→ Stored data entries
BEGIN
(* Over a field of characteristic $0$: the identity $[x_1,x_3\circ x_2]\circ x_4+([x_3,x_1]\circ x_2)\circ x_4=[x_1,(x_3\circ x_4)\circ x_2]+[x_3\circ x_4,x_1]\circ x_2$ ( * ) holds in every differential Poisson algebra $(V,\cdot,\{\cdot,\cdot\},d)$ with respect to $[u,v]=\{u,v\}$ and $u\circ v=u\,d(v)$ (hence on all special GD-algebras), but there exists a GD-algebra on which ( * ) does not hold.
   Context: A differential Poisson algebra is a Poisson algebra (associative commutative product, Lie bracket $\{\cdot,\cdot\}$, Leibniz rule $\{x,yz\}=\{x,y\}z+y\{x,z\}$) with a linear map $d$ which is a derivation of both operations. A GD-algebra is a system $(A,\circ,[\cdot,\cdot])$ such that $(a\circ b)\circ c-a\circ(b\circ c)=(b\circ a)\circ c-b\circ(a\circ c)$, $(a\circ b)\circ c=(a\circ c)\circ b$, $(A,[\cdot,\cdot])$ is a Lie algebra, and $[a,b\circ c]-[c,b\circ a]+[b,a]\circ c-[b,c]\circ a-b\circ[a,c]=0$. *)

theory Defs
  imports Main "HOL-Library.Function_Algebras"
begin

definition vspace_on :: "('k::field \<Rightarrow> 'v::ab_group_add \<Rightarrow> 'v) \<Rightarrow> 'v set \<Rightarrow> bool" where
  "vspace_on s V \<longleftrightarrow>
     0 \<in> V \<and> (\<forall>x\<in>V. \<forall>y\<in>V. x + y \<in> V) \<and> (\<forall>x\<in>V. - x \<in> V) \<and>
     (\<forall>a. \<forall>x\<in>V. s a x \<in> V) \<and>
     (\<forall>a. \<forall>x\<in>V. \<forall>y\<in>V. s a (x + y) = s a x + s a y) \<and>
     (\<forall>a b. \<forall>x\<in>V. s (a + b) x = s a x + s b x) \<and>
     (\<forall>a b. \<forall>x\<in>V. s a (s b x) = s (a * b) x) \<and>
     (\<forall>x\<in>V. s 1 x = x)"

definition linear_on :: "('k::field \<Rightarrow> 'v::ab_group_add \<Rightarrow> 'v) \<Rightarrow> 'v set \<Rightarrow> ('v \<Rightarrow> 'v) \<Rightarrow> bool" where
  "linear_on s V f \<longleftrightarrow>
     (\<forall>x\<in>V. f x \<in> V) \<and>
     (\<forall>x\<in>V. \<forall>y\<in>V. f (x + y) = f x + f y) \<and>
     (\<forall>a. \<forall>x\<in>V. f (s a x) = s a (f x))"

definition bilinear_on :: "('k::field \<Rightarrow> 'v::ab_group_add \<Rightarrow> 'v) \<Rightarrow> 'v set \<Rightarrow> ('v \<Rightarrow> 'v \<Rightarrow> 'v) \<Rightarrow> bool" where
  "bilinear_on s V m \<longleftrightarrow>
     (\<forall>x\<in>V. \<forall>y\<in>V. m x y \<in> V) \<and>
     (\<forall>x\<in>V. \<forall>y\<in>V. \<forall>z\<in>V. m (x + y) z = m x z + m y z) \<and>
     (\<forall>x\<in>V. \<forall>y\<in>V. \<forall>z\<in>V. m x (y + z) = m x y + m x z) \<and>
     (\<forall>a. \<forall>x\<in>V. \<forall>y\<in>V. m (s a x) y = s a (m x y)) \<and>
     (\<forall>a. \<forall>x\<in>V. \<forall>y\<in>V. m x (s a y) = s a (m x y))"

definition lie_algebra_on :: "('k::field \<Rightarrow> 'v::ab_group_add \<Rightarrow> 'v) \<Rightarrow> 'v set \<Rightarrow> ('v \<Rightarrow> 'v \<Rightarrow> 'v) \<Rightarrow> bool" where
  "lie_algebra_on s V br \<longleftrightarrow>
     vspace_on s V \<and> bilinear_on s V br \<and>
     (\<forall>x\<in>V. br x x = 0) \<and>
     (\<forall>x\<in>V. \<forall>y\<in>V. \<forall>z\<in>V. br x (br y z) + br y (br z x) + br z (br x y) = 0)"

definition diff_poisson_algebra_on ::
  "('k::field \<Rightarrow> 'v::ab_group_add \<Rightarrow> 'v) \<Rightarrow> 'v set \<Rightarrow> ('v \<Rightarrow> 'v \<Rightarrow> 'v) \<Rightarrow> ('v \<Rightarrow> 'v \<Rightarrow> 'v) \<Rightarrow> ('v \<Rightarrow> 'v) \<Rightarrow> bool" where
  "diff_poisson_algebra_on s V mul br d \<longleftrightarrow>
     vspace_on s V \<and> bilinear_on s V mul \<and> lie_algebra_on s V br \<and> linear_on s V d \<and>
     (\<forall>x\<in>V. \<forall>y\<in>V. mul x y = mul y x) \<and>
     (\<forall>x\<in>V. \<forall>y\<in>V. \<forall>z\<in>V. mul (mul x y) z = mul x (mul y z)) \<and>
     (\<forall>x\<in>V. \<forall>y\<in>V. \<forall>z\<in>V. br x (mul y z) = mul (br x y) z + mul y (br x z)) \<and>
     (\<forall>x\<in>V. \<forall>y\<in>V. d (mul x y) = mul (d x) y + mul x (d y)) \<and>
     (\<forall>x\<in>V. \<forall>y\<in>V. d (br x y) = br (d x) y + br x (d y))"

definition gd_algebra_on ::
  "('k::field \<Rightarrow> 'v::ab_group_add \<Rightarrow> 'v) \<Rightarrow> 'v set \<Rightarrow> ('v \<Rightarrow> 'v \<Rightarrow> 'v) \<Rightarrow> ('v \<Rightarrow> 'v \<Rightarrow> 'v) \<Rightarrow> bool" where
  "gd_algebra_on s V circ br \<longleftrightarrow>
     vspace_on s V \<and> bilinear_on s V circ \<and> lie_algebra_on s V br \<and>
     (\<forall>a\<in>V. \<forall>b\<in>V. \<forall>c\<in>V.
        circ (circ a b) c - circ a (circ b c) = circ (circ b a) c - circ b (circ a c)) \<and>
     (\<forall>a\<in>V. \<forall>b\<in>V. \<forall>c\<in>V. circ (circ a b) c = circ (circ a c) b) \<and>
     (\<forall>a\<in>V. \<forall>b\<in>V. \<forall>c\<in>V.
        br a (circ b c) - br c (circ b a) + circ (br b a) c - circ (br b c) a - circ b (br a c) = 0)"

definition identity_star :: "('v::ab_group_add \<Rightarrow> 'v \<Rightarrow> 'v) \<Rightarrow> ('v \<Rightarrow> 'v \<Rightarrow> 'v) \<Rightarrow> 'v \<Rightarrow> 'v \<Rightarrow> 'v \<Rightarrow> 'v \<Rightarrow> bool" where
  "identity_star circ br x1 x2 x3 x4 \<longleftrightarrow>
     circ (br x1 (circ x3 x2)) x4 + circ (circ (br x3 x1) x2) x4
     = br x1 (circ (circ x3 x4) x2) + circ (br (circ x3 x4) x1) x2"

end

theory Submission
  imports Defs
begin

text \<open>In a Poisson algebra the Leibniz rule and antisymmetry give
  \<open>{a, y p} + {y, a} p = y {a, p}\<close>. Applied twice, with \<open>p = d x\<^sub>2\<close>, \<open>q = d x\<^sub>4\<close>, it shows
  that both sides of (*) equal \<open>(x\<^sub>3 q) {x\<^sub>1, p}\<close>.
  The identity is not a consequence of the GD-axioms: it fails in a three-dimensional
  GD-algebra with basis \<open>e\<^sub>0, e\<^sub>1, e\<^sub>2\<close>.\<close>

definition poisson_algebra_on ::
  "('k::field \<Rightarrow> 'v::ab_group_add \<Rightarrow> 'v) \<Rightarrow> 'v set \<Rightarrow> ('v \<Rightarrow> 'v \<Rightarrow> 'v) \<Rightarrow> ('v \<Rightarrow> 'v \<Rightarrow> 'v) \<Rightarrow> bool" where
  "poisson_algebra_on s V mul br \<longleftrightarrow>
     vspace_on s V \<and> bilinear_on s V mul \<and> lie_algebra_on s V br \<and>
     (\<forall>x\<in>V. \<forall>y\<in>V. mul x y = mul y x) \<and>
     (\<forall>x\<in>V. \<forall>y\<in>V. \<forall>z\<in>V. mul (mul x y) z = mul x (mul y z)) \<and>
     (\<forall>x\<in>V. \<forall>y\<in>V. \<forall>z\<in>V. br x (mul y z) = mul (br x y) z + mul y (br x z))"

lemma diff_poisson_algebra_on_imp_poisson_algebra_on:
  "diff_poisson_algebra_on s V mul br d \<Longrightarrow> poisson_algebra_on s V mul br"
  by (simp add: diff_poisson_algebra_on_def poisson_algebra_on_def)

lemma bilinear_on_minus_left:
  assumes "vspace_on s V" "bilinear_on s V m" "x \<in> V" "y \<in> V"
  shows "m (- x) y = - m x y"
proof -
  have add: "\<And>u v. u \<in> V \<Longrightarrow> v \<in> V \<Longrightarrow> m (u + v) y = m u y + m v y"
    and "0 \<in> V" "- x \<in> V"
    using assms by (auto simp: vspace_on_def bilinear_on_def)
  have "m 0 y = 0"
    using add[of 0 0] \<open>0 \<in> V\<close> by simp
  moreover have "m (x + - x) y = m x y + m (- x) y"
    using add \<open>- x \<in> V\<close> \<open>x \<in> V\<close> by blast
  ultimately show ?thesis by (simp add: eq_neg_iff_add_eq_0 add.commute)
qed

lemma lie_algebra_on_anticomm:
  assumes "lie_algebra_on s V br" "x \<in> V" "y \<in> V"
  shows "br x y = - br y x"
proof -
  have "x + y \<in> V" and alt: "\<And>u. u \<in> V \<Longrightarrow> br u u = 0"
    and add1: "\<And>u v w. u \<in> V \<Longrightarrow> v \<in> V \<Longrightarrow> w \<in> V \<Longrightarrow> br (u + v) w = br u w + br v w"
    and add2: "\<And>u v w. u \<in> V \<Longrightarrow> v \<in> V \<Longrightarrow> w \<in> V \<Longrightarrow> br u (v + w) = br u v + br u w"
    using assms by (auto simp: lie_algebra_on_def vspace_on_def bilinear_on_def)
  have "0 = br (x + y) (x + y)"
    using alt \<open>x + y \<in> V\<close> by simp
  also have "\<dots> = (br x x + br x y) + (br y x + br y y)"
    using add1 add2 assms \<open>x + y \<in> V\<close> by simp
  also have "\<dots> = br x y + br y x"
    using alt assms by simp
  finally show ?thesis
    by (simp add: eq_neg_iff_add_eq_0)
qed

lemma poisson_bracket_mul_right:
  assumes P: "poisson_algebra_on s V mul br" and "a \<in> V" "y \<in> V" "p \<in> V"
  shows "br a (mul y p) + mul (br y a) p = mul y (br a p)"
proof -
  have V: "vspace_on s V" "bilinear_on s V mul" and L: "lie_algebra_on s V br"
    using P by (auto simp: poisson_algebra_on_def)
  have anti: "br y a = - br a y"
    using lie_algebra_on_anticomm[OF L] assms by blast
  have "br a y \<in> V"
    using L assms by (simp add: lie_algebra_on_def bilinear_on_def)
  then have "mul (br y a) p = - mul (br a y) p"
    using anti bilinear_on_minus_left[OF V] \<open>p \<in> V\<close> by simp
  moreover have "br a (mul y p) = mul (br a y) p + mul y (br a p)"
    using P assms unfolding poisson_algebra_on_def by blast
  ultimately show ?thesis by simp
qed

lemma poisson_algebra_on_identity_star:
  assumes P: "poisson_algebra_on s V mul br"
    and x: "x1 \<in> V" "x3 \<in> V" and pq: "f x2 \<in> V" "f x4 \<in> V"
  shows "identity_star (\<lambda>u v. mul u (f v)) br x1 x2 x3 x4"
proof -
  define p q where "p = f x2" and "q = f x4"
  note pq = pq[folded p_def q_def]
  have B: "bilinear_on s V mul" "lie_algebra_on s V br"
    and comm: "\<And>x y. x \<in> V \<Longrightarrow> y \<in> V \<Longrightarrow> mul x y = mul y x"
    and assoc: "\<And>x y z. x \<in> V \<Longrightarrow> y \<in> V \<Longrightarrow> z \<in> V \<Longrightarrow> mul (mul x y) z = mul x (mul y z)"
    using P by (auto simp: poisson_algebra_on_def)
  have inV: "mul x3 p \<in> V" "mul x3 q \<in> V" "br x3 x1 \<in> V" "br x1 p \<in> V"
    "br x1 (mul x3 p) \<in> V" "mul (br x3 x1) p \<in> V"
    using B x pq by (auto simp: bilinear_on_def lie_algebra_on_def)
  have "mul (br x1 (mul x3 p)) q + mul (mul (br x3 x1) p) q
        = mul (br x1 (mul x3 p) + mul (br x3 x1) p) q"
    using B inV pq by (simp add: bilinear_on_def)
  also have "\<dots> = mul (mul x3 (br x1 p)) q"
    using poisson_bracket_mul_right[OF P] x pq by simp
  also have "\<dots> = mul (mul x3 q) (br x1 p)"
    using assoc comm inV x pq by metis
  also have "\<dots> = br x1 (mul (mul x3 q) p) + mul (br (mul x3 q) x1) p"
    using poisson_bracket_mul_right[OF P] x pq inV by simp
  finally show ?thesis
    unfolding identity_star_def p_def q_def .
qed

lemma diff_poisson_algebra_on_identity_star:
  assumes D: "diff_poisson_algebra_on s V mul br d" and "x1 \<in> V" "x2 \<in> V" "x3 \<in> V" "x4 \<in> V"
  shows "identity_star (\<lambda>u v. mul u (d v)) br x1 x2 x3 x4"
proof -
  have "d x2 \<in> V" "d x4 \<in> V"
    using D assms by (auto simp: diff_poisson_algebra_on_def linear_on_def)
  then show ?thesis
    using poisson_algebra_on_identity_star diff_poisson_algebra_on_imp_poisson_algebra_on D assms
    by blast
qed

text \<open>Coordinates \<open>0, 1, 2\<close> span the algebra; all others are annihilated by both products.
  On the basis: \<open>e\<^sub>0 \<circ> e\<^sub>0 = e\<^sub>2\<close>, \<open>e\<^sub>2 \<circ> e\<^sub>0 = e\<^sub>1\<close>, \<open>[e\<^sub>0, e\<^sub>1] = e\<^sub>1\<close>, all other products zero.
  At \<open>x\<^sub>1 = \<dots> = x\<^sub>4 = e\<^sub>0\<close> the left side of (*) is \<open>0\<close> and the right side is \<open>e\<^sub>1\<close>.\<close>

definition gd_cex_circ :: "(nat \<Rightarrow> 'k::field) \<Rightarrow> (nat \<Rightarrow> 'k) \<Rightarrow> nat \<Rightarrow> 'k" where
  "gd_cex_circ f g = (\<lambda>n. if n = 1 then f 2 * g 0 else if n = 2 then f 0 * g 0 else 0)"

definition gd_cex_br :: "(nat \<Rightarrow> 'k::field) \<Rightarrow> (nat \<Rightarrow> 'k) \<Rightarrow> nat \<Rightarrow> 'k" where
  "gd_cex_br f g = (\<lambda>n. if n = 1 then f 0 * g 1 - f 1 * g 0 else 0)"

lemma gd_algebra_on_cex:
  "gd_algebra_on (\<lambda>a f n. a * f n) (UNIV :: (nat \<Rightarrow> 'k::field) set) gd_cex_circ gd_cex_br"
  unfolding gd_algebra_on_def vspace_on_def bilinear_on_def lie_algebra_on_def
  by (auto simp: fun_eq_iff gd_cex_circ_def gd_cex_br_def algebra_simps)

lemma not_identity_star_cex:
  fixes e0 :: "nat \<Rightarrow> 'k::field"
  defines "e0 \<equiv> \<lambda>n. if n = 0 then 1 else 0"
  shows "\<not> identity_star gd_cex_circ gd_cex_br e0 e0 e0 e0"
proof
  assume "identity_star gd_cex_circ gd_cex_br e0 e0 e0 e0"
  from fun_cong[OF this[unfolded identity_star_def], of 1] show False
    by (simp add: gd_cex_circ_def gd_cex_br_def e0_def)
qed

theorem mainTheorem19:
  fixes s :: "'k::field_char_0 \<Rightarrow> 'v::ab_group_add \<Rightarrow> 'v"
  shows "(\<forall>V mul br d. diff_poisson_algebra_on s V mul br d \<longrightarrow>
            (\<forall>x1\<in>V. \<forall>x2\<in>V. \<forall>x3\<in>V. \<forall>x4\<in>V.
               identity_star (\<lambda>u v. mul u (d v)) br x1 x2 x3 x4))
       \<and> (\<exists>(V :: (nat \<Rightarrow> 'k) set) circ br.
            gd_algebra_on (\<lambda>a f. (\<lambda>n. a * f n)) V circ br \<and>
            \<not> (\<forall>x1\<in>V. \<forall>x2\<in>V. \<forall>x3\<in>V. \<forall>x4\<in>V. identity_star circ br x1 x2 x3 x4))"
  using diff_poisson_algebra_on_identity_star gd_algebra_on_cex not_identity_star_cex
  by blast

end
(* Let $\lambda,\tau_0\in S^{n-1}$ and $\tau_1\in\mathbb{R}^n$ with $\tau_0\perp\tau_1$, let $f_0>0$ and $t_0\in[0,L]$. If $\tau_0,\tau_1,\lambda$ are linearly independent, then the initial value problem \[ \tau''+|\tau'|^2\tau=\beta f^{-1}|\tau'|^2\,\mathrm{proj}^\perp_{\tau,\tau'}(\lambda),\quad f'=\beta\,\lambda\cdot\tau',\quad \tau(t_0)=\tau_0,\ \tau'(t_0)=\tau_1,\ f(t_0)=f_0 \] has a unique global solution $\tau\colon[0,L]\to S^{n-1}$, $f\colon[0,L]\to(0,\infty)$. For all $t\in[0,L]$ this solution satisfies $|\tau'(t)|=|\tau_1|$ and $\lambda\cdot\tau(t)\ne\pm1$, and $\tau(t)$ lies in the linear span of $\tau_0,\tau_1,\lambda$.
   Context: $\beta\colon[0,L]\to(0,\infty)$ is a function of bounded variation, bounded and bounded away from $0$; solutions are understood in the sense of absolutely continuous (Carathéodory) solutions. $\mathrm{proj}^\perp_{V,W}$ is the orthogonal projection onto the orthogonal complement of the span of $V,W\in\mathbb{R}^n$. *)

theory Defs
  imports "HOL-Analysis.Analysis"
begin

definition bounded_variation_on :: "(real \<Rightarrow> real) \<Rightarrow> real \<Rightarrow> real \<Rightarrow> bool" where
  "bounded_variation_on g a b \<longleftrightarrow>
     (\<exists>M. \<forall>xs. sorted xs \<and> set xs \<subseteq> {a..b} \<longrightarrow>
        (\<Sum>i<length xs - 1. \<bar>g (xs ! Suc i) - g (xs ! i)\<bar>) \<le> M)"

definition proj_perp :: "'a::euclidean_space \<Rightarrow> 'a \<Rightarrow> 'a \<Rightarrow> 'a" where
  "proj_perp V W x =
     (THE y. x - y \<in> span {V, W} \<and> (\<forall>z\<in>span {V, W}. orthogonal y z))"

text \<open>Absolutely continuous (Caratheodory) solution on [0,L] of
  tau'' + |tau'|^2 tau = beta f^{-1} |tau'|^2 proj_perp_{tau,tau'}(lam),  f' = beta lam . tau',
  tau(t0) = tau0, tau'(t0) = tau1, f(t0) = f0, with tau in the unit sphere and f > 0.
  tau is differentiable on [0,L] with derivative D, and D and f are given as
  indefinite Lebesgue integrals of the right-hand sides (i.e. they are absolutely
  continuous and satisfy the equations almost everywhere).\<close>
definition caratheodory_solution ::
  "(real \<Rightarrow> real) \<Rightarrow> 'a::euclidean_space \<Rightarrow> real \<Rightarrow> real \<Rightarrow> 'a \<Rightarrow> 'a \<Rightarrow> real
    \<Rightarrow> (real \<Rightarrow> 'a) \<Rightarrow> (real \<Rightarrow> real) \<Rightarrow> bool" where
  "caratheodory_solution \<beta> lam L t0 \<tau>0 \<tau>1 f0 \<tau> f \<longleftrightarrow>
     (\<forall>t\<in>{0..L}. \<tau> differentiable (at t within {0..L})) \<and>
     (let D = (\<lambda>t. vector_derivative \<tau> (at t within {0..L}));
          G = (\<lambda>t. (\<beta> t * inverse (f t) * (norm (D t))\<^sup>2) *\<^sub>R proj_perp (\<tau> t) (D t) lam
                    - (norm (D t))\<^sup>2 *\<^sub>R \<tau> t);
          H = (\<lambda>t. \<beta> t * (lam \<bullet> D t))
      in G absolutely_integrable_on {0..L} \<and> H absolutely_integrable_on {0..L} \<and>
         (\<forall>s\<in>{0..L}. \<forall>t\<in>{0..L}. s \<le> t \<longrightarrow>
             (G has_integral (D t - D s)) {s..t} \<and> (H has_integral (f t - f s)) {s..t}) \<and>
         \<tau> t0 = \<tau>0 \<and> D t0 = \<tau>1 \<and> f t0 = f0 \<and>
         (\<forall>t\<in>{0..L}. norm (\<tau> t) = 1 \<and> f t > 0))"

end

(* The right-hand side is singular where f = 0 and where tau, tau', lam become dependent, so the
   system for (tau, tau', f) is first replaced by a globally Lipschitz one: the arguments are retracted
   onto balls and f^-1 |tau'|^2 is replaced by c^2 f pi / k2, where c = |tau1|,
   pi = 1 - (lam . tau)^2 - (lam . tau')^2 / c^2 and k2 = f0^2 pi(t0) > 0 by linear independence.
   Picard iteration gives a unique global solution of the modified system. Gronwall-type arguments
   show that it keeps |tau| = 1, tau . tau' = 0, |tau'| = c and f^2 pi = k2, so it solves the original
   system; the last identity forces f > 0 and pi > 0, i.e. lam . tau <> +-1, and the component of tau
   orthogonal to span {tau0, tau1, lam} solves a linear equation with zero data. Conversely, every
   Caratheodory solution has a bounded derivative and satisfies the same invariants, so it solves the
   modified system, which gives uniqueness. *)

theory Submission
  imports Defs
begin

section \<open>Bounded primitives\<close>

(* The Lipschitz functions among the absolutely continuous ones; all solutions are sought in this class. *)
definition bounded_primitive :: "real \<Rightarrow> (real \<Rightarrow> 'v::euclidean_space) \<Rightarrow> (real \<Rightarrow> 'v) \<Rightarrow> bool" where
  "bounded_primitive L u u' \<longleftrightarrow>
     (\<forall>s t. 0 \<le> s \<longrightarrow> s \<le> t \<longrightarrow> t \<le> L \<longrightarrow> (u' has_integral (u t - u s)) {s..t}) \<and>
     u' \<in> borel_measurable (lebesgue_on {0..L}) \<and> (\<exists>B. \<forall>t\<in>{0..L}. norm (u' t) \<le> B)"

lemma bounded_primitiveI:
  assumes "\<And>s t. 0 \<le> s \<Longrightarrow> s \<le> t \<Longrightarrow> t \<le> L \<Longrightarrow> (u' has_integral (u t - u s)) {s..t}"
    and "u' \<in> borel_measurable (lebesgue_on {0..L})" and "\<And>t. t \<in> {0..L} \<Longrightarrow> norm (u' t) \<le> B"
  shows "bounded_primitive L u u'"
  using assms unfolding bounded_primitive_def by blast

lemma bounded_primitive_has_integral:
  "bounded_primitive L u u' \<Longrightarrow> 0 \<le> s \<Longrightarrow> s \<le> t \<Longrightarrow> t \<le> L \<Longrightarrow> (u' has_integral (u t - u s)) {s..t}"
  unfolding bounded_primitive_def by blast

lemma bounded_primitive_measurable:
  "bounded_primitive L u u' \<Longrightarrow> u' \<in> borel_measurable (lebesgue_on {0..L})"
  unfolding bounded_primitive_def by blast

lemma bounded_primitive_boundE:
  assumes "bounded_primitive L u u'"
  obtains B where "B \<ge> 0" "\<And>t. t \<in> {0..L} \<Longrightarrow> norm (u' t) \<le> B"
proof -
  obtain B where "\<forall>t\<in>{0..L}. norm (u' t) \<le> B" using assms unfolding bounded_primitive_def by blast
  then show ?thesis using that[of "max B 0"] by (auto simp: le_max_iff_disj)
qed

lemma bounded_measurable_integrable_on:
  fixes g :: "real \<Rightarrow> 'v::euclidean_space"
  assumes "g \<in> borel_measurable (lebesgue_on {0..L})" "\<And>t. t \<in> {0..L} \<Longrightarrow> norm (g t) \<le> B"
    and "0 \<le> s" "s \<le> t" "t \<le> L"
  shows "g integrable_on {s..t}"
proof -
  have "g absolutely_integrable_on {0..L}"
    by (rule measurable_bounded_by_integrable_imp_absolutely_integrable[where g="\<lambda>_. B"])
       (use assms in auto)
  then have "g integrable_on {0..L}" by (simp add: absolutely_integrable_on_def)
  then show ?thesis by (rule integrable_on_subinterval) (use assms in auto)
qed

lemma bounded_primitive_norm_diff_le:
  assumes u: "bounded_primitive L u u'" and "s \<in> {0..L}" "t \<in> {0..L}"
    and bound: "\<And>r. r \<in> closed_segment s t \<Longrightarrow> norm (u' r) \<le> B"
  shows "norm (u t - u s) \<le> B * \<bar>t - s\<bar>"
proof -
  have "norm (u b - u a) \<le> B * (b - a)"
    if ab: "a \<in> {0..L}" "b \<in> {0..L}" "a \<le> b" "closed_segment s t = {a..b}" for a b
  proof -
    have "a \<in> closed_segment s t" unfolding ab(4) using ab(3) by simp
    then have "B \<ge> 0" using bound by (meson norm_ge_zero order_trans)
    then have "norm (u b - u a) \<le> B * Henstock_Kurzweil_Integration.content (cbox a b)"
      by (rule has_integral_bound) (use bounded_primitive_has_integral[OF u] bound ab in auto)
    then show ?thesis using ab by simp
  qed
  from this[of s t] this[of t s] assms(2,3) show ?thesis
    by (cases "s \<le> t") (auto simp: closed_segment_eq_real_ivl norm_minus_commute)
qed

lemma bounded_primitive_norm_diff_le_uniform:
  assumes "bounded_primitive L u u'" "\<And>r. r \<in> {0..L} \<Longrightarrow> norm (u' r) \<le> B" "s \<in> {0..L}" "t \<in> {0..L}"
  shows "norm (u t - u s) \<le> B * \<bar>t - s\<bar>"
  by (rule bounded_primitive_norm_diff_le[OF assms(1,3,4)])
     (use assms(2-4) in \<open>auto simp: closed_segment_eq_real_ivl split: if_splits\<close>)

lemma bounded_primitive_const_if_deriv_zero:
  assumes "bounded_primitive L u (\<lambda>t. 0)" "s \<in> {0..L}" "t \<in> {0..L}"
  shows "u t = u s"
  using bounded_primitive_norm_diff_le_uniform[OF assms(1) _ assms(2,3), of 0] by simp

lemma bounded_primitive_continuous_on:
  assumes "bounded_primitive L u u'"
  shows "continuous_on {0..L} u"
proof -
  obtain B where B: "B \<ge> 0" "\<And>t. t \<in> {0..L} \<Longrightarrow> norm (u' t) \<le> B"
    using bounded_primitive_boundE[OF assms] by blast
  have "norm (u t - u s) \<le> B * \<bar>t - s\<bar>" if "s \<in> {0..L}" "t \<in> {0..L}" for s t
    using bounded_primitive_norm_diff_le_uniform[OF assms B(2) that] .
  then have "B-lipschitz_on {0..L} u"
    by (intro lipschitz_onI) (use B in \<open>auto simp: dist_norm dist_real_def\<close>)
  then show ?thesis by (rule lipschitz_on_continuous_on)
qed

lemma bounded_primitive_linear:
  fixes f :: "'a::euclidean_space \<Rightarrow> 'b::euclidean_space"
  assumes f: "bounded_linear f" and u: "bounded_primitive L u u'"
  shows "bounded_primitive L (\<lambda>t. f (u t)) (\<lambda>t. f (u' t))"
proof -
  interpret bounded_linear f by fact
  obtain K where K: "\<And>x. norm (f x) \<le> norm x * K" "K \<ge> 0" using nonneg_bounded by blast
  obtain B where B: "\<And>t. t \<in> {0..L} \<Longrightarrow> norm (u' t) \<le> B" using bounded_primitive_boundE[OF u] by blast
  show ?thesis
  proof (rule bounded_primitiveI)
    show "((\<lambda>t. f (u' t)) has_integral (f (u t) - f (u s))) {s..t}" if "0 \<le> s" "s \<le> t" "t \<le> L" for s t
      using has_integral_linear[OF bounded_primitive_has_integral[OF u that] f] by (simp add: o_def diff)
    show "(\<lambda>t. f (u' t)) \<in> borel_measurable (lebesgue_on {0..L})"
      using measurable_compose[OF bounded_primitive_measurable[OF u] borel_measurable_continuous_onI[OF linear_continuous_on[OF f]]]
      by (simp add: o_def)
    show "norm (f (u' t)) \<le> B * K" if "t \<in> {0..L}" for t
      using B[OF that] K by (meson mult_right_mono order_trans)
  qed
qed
END
→ WORK INSTRUCTION
Lines containing the word "thesis" must be found in the data above and copied.

→ WORKED SOLUTION
  ultimately show ?thesis by (simp add: eq_neg_iff_add_eq_0 add.commute)
  finally show ?thesis
  ultimately show ?thesis by simp
  finally show ?thesis
  then show ?thesis
  then show ?thesis using that[of "max B 0"] by (auto simp: le_max_iff_disj)
  then show ?thesis by (rule integrable_on_subinterval) (use assms in auto)
    then show ?thesis using ab by simp
  from this[of s t] this[of t s] assms(2,3) show ?thesis
  then show ?thesis by (rule lipschitz_on_continuous_on)
  show ?thesis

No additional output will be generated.